## TASK DETAILS
List all lines of the data containing the word "intro".

## STUDY MATERIAL
(* For all matches $(p,\sigma)$ and $(q,\rho)$ with $p,\sigma\sqsubseteq q,\rho$, and for every substitution $\theta$, it holds that $p,\theta[\sigma]\sqsubseteq q,\theta[\rho]$.
   Context: CPC patterns over a countable set of names: $p ::= \lambda x \mid x \mid \ulcorner x\urcorner \mid p\bullet p$ (binding name, variable name, protected name, compound). ${\sf bn}(p)$, ${\sf vn}(p)$, ${\sf pn}(p)$ are the sets of binding, variable and protected names of $p$; ${\sf fn}(p)={\sf vn}(p)\cup{\sf pn}(p)$. Patterns are well formed (binding names pairwise distinct and distinct from free names). Communicable patterns contain no protected or binding names; protection extends to them by $\ulcorner p\bullet q\urcorner=\ulcorner p\urcorner\bullet\ulcorner q\urcorner$. A substitution is a finite partial function from names to communicable patterns, applied to patterns by $\sigma x=\sigma(x)$ if $x\in{\sf dom}(\sigma)$ else $x$; $\sigma\ulcorner x\urcorner=\ulcorner\sigma(x)\urcorner$ if $x\in{\sf dom}(\sigma)$ else $\ulcorner x\urcorner$; $\sigma(\lambda x)=\lambda x$; $\sigma(p\bullet q)=\sigma p\bullet\sigma q$. $\hat\sigma$ acts by $\hat\sigma x=x$, $\hat\sigma\ulcorner x\urcorner=\ulcorner x\urcorner$, $\hat\sigma(\lambda x)=\sigma(x)$ if $x\in{\sf dom}(\sigma)$ else $\lambda x$, $\hat\sigma(p\bullet q)=\hat\sigma p\bullet\hat\sigma q$. For substitutions $\theta,\sigma$, $\theta[\sigma]$ is the substitution with domain ${\sf dom}(\sigma)$ mapping each $x$ to $\theta(\sigma(x))$. A match $(p,\sigma)$ is a pattern $p$ and substitution $\sigma$ with ${\sf dom}(\sigma)={\sf bn}(p)$. Compatibility $p,\sigma\sqsubseteq q,\rho$ is the least relation between matches with: $p,\sigma\sqsubseteq\lambda y,\{\hat\sigma p/y\}$ if ${\sf fn}(p)=\emptyset$; $n,\{\}\sqsubseteq n,\{\}$; $\ulcorner n\urcorner,\{\}\sqsubseteq\ulcorner n\urcorner,\{\}$; $\ulcorner n\urcorner,\{\}\sqsubseteq n,\{\}$; $p_1\bullet p_2,\sigma_1\cup\sigma_2\sqsubseteq q_1\bullet q_2,\rho_1\cup\rho_2$ if $p_i,\sigma_i\sqsubseteq q_i,\rho_i$ for $i=1,2$. *)

theory Defs
  imports Main
begin

datatype 'n pat =
    Bind 'n
  | Var 'n
  | Prot 'n
  | Comp "'n pat" "'n pat"

fun bns :: "'n pat \<Rightarrow> 'n list" where
  "bns (Bind x) = [x]"
| "bns (Var x) = []"
| "bns (Prot x) = []"
| "bns (Comp p q) = bns p @ bns q"

definition bn :: "'n pat \<Rightarrow> 'n set" where
  "bn p = set (bns p)"

fun vn :: "'n pat \<Rightarrow> 'n set" where
  "vn (Bind x) = {}"
| "vn (Var x) = {x}"
| "vn (Prot x) = {}"
| "vn (Comp p q) = vn p \<union> vn q"

fun pn :: "'n pat \<Rightarrow> 'n set" where
  "pn (Bind x) = {}"
| "pn (Var x) = {}"
| "pn (Prot x) = {x}"
| "pn (Comp p q) = pn p \<union> pn q"

definition fn :: "'n pat \<Rightarrow> 'n set" where
  "fn p = vn p \<union> pn p"

definition wf_pat :: "'n pat \<Rightarrow> bool" where
  "wf_pat p \<longleftrightarrow> distinct (bns p) \<and> bn p \<inter> fn p = {}"

fun communicable :: "'n pat \<Rightarrow> bool" where
  "communicable (Bind x) = False"
| "communicable (Var x) = True"
| "communicable (Prot x) = False"
| "communicable (Comp p q) = (communicable p \<and> communicable q)"

fun prot :: "'n pat \<Rightarrow> 'n pat" where
  "prot (Var x) = Prot x"
| "prot (Comp p q) = Comp (prot p) (prot q)"
| "prot (Bind x) = Bind x"
| "prot (Prot x) = Prot x"

type_synonym 'n subst = "'n \<Rightarrow> 'n pat option"

definition is_subst :: "'n subst \<Rightarrow> bool" where
  "is_subst \<sigma> \<longleftrightarrow> finite (dom \<sigma>) \<and> (\<forall>t \<in> ran \<sigma>. communicable t)"

fun subst_app :: "'n subst \<Rightarrow> 'n pat \<Rightarrow> 'n pat" where
  "subst_app \<sigma> (Var x) = (case \<sigma> x of Some t \<Rightarrow> t | None \<Rightarrow> Var x)"
| "subst_app \<sigma> (Prot x) = (case \<sigma> x of Some t \<Rightarrow> prot t | None \<Rightarrow> Prot x)"
| "subst_app \<sigma> (Bind x) = Bind x"
| "subst_app \<sigma> (Comp p q) = Comp (subst_app \<sigma> p) (subst_app \<sigma> q)"

fun subst_hat :: "'n subst \<Rightarrow> 'n pat \<Rightarrow> 'n pat" where
  "subst_hat \<sigma> (Var x) = Var x"
| "subst_hat \<sigma> (Prot x) = Prot x"
| "subst_hat \<sigma> (Bind x) = (case \<sigma> x of Some t \<Rightarrow> t | None \<Rightarrow> Bind x)"
| "subst_hat \<sigma> (Comp p q) = Comp (subst_hat \<sigma> p) (subst_hat \<sigma> q)"

text \<open>Composition \<theta>[\<sigma>]: domain dom \<sigma>, x \<mapsto> \<theta>(\<sigma>(x)).\<close>
definition subst_comp :: "'n subst \<Rightarrow> 'n subst \<Rightarrow> 'n subst" where
  "subst_comp \<theta> \<sigma> = (\<lambda>x. map_option (subst_app \<theta>) (\<sigma> x))"

definition is_match :: "'n pat \<Rightarrow> 'n subst \<Rightarrow> bool" where
  "is_match p \<sigma> \<longleftrightarrow> wf_pat p \<and> is_subst \<sigma> \<and> dom \<sigma> = bn p"

text \<open>For well-formed compounds the binding names of components are disjoint,
  so map_add (++) is the union of the two substitutions.\<close>
inductive compat :: "'n pat \<Rightarrow> 'n subst \<Rightarrow> 'n pat \<Rightarrow> 'n subst \<Rightarrow> bool" where
  compat_bind: "\<lbrakk> fn p = {}; is_match p \<sigma>; is_match (Bind y) [y \<mapsto> subst_hat \<sigma> p] \<rbrakk>
      \<Longrightarrow> compat p \<sigma> (Bind y) [y \<mapsto> subst_hat \<sigma> p]"
| compat_var: "compat (Var n) Map.empty (Var n) Map.empty"
| compat_prot: "compat (Prot n) Map.empty (Prot n) Map.empty"
| compat_prot_var: "compat (Prot n) Map.empty (Var n) Map.empty"
| compat_comp: "\<lbrakk> compat p1 \<sigma>1 q1 \<rho>1; compat p2 \<sigma>2 q2 \<rho>2;
      is_match (Comp p1 p2) (\<sigma>1 ++ \<sigma>2); is_match (Comp q1 q2) (\<rho>1 ++ \<rho>2) \<rbrakk>
      \<Longrightarrow> compat (Comp p1 p2) (\<sigma>1 ++ \<sigma>2) (Comp q1 q2) (\<rho>1 ++ \<rho>2)"

end

theory Submission
  imports Defs
begin

text \<open>Post-composition with \<open>\<theta>\<close> keeps the domain of a
  substitution, preserves matches, distributes over the union of substitutions, and commutes
  with the hat action on patterns without free names: \<open>\<theta>(hat \<sigma> p) = hat (\<theta>[\<sigma>]) p\<close>. Hence every rule
  instance for \<open>\<sigma>, \<rho>\<close> becomes a rule instance for \<open>\<theta>[\<sigma>], \<theta>[\<rho>]\<close>.\<close>

lemma communicable_subst_app:
  assumes "communicable t" and "is_subst \<theta>"
  shows "communicable (subst_app \<theta> t)"
  using assms
proof (induction t)
  case (Var x)
  then show ?case
    by (cases "\<theta> x") (auto simp: is_subst_def ran_def)
qed auto

lemma dom_subst_comp [simp]: "dom (subst_comp \<theta> \<sigma>) = dom \<sigma>"
  by (auto simp: subst_comp_def)

lemma is_subst_subst_comp:
  assumes "is_subst \<sigma>" and "is_subst \<theta>"
  shows "is_subst (subst_comp \<theta> \<sigma>)"
proof -
  have "communicable t" if "t \<in> ran (subst_comp \<theta> \<sigma>)" for t
    using that assms communicable_subst_app
    by (fastforce simp: is_subst_def subst_comp_def ran_def)
  then show ?thesis
    using assms by (simp add: is_subst_def)
qed

lemma is_match_subst_comp:
  assumes "is_match p \<sigma>" and "is_subst \<theta>"
  shows "is_match p (subst_comp \<theta> \<sigma>)"
  using assms by (simp add: is_match_def is_subst_subst_comp)

lemma subst_comp_map_add:
  "subst_comp \<theta> (\<sigma>1 ++ \<sigma>2) = subst_comp \<theta> \<sigma>1 ++ subst_comp \<theta> \<sigma>2"
  by (rule ext) (auto simp: subst_comp_def map_add_def split: option.splits)

lemma subst_comp_empty [simp]: "subst_comp \<theta> Map.empty = Map.empty"
  by (simp add: subst_comp_def)

lemma subst_comp_singleton: "subst_comp \<theta> [y \<mapsto> t] = [y \<mapsto> subst_app \<theta> t]"
  by (rule ext) (simp add: subst_comp_def)

lemma subst_app_subst_hat:
  assumes "fn p = {}"
  shows "subst_app \<theta> (subst_hat \<sigma> p) = subst_hat (subst_comp \<theta> \<sigma>) p"
  using assms
proof (induction p)
  case (Bind x)
  then show ?case
    by (cases "\<sigma> x") (auto simp: subst_comp_def)
qed (auto simp: fn_def)

lemma compat_subst_comp:
  assumes "compat p \<sigma> q \<rho>" and "is_subst \<theta>"
  shows "compat p (subst_comp \<theta> \<sigma>) q (subst_comp \<theta> \<rho>)"
  using assms
proof (induction rule: compat.induct)
  case (compat_bind p \<sigma> y)
  let ?t = "subst_hat (subst_comp \<theta> \<sigma>) p"
  have closed: "subst_comp \<theta> [y \<mapsto> subst_hat \<sigma> p] = [y \<mapsto> ?t]"
    using compat_bind.hyps(1) by (simp add: subst_comp_singleton subst_app_subst_hat)
  have "is_match p (subst_comp \<theta> \<sigma>)"
    using compat_bind.hyps(2) compat_bind.prems by (rule is_match_subst_comp)
  moreover have "is_match (Bind y) [y \<mapsto> ?t]"
    using is_match_subst_comp[OF compat_bind.hyps(3) compat_bind.prems] closed by simp
  ultimately show ?case
    unfolding closed using compat_bind.hyps(1) by (blast intro: compat.compat_bind)
next
  case (compat_comp p1 \<sigma>1 q1 \<rho>1 p2 \<sigma>2 q2 \<rho>2)
  have "is_match (Comp p1 p2) (subst_comp \<theta> \<sigma>1 ++ subst_comp \<theta> \<sigma>2)"
    and "is_match (Comp q1 q2) (subst_comp \<theta> \<rho>1 ++ subst_comp \<theta> \<rho>2)"
    using is_match_subst_comp[OF compat_comp.hyps(3) compat_comp.prems]
      is_match_subst_comp[OF compat_comp.hyps(4) compat_comp.prems]
    by (simp_all add: subst_comp_map_add)
  with compat_comp.IH compat_comp.prems show ?case
    unfolding subst_comp_map_add by (blast intro: compat.compat_comp)
qed (auto intro: compat.intros)

theorem lemma3p16:
  fixes p q :: "'n pat" and \<sigma> \<rho> \<theta> :: "'n subst"
  assumes "is_match p \<sigma>" and "is_match q \<rho>"
    and "compat p \<sigma> q \<rho>"
    and "is_subst \<theta>"
  shows "compat p (subst_comp \<theta> \<sigma>) q (subst_comp \<theta> \<rho>)"
  using assms(3,4) by (rule compat_subst_comp)

end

## PROBLEM SOLUTION
    unfolding closed using compat_bind.hyps(1) by (blast intro: compat.compat_bind)
    unfolding subst_comp_map_add by (blast intro: compat.compat_comp)
qed (auto intro: compat.intros)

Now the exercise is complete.